Today, both of those ambitious young men in their mid-forties are vying to be the next leader of the free world as they compete for the Republican nomination for President of the United States.

By now, you may have guessed that these are the stories of Rafael Edward (Ted) Cruz and Marco Antonio Rubio.

Both their families immigrated to the US like so many of our families did. They sought better lives for themselves and their children. They believe that through hard work, they too could achieve the American dream. They had read the words of the Statue of Liberty: “Give me your poor, your tired, your huddled masses.”
The beacon of freedom doesn’t call out for the rich, well-to-do, and affluent masses. It doesn’t ask what country they are from or their religion or the color of their skin. America has beckoned those hungry enough to want to be here to come seek a better life.

The Cruz and Rubio families came here under a system that encouraged immigration in a country that welcomed them and understood that we are all immigrants from somewhere else. That has been the promise of this promised land.
But lately, the politics of hate and division have taken over. The candidates for the Republican Party’s nomination have fought each other to see who is more anti-immigration, anti-immigrant, and, frankly, more anti-social. And leading that fight against immigration reform have been these two blessed and privileged sons of immigrants.

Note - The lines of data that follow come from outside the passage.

lemma ex_sample_sum_le_expectation:
  assumes c: "\<And>j. j < n \<Longrightarrow> c j \<ge> 0" and c1: "(\<Sum>j<n. c j) = 1"
  shows "\<exists>S\<in>sample_sums Y n k. \<Phi> S \<le> sample_expectation c Y n k \<Phi>"
proof (induction k arbitrary: \<Phi>)
  case 0
  then show ?case using zero_in_sample_sums by auto
next
  case (Suc k)
  obtain S where S: "S \<in> sample_sums Y n k"
    and le: "(\<Sum>j<n. c j * \<Phi> (\<lambda>x. S x + Y j x)) \<le> sample_expectation c Y n (Suc k) \<Phi>"
    using Suc.IH[of "\<lambda>S. \<Sum>j<n. c j * \<Phi> (\<lambda>x. S x + Y j x)"] by auto
  define m where "m = (\<Sum>j<n. c j * \<Phi> (\<lambda>x. S x + Y j x))"
  have "\<exists>j<n. \<Phi> (\<lambda>x. S x + Y j x) \<le> m"
  proof (rule ccontr)
    assume "\<not> ?thesis"
    then have gt: "\<And>j. j < n \<Longrightarrow> m < \<Phi> (\<lambda>x. S x + Y j x)" by auto
    obtain j0 where j0: "j0 < n" "c j0 > 0"
      using c1 sum_nonpos[of "{..<n}" c] by (force simp: not_le)
    have "(\<Sum>j<n. c j * m) < (\<Sum>j<n. c j * \<Phi> (\<lambda>x. S x + Y j x))"
    proof (rule sum_strict_mono_ex1)
      show "\<forall>j\<in>{..<n}. c j * m \<le> c j * \<Phi> (\<lambda>x. S x + Y j x)"
        using c gt by (auto intro: mult_left_mono less_imp_le)
      show "\<exists>j\<in>{..<n}. c j * m < c j * \<Phi> (\<lambda>x. S x + Y j x)"
        using j0 gt by (intro bexI[of _ j0]) auto
    qed simp
    then have "m < m" using c1 unfolding m_def[symmetric] by (simp flip: sum_distrib_right)
    then show False by simp
  qed
  then obtain j where j: "j < n" "\<Phi> (\<lambda>x. S x + Y j x) \<le> m" by blast
  then have "\<Phi> (\<lambda>x. S x + Y j x) \<le> sample_expectation c Y n (Suc k) \<Phi>"
    using le unfolding m_def by linarith
  then show ?case using sample_sums_add[OF S j(1)] by blast
qed

lemma power_growth_step:
  fixes q :: real and k :: nat
  assumes q: "q \<ge> 1"
  shows "(1 + 1/(2 * max 1 (real k))) * (2 * real k powr q) + max 1 (real k) powr (q-1)
           \<le> 2 * real (Suc k) powr q"
proof (cases "k = 0")
  case True
  then show ?thesis using q by simp
next
  case False
  then have k: "real k \<ge> 1" by simp
  have k_powr: "real k powr q / real k = real k powr (q-1)" using k by (simp add: powr_diff)
  have "(1 + 1/(2 * real k)) * (2 * real k powr q) + real k powr (q-1)
      = 2 * (real k powr q * (1 + 1/real k))"
    using k k_powr by (simp add: field_simps)
  also have "\<dots> \<le> 2 * (real k powr q * (1 + 1/real k) powr q)"
    using q k powr_mono[of 1 q "1 + 1/real k"] by (intro mult_left_mono) auto
  also have "\<dots> = 2 * (real k * (1 + 1/real k)) powr q"
    using k by (simp add: powr_mult)
  also have "real k * (1 + 1/real k) = real (Suc k)"
    using k by (simp add: field_simps)
  finally show ?thesis using k by simp
qed

section \<open>Simple functions and covering numbers\<close>

definition measurable_partition :: "'a measure \<Rightarrow> nat \<Rightarrow> (nat \<Rightarrow> 'a set) \<Rightarrow> bool" where
  "measurable_partition M l A \<longleftrightarrow> (\<forall>i<l. A i \<in> sets M) \<and>
     (\<forall>i<l. \<forall>j<l. i \<noteq> j \<longrightarrow> A i \<inter> A j = {}) \<and> (\<Union>i<l. A i) = space M"

lemma Gpk_eq:
  "Gpk M p k = {h \<in> Lp M p. \<exists>l A a. l \<le> k \<and> measurable_partition M l A \<and>
                                      h = (\<lambda>x. \<Sum>i<l. a i * indicator (A i) x)}"
  by (auto simp: Gpk_def measurable_partition_def)

lemma step_function_eq:
  fixes a :: "nat \<Rightarrow> real"
  assumes "measurable_partition M l A" and "i < l" and "x \<in> A i"
  shows "(\<Sum>j<l. a j * indicator (A j) x) = a i"
proof -
  have "(\<Sum>j<l. a j * indicator (A j) x) = (\<Sum>j<l. if j = i then a j else 0)"
    using assms by (intro sum.cong) (auto simp: measurable_partition_def indicator_def)
  then show ?thesis using assms(2) by simp
qed

lemma step_function_outside:
  fixes a :: "nat \<Rightarrow> real"
  assumes "measurable_partition M l A" and "x \<notin> space M"
  shows "(\<Sum>j<l. a j * indicator (A j) x) = 0"
  using assms by (auto simp: measurable_partition_def indicator_def intro!: sum.neutral)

Both Ted Cruz and Marco Rubio oppose meaningful immigration reform. They both argue about which one is more against a path to legal citizenship for millions that have fought to get here and have stayed to raise their families, just like the Rubio and Cruz families.

It’s one thing to fundamentally disagree with a government policy and oppose it, but it’s completely hypocritical to benefit from it then oppose it for political gain.
It’s time for both these first-generation American sons of immigrants to honor the promise of America and take a strong position for a comprehensive immigration reform package that is both humane and just.

They owe it to this country that has given them so much.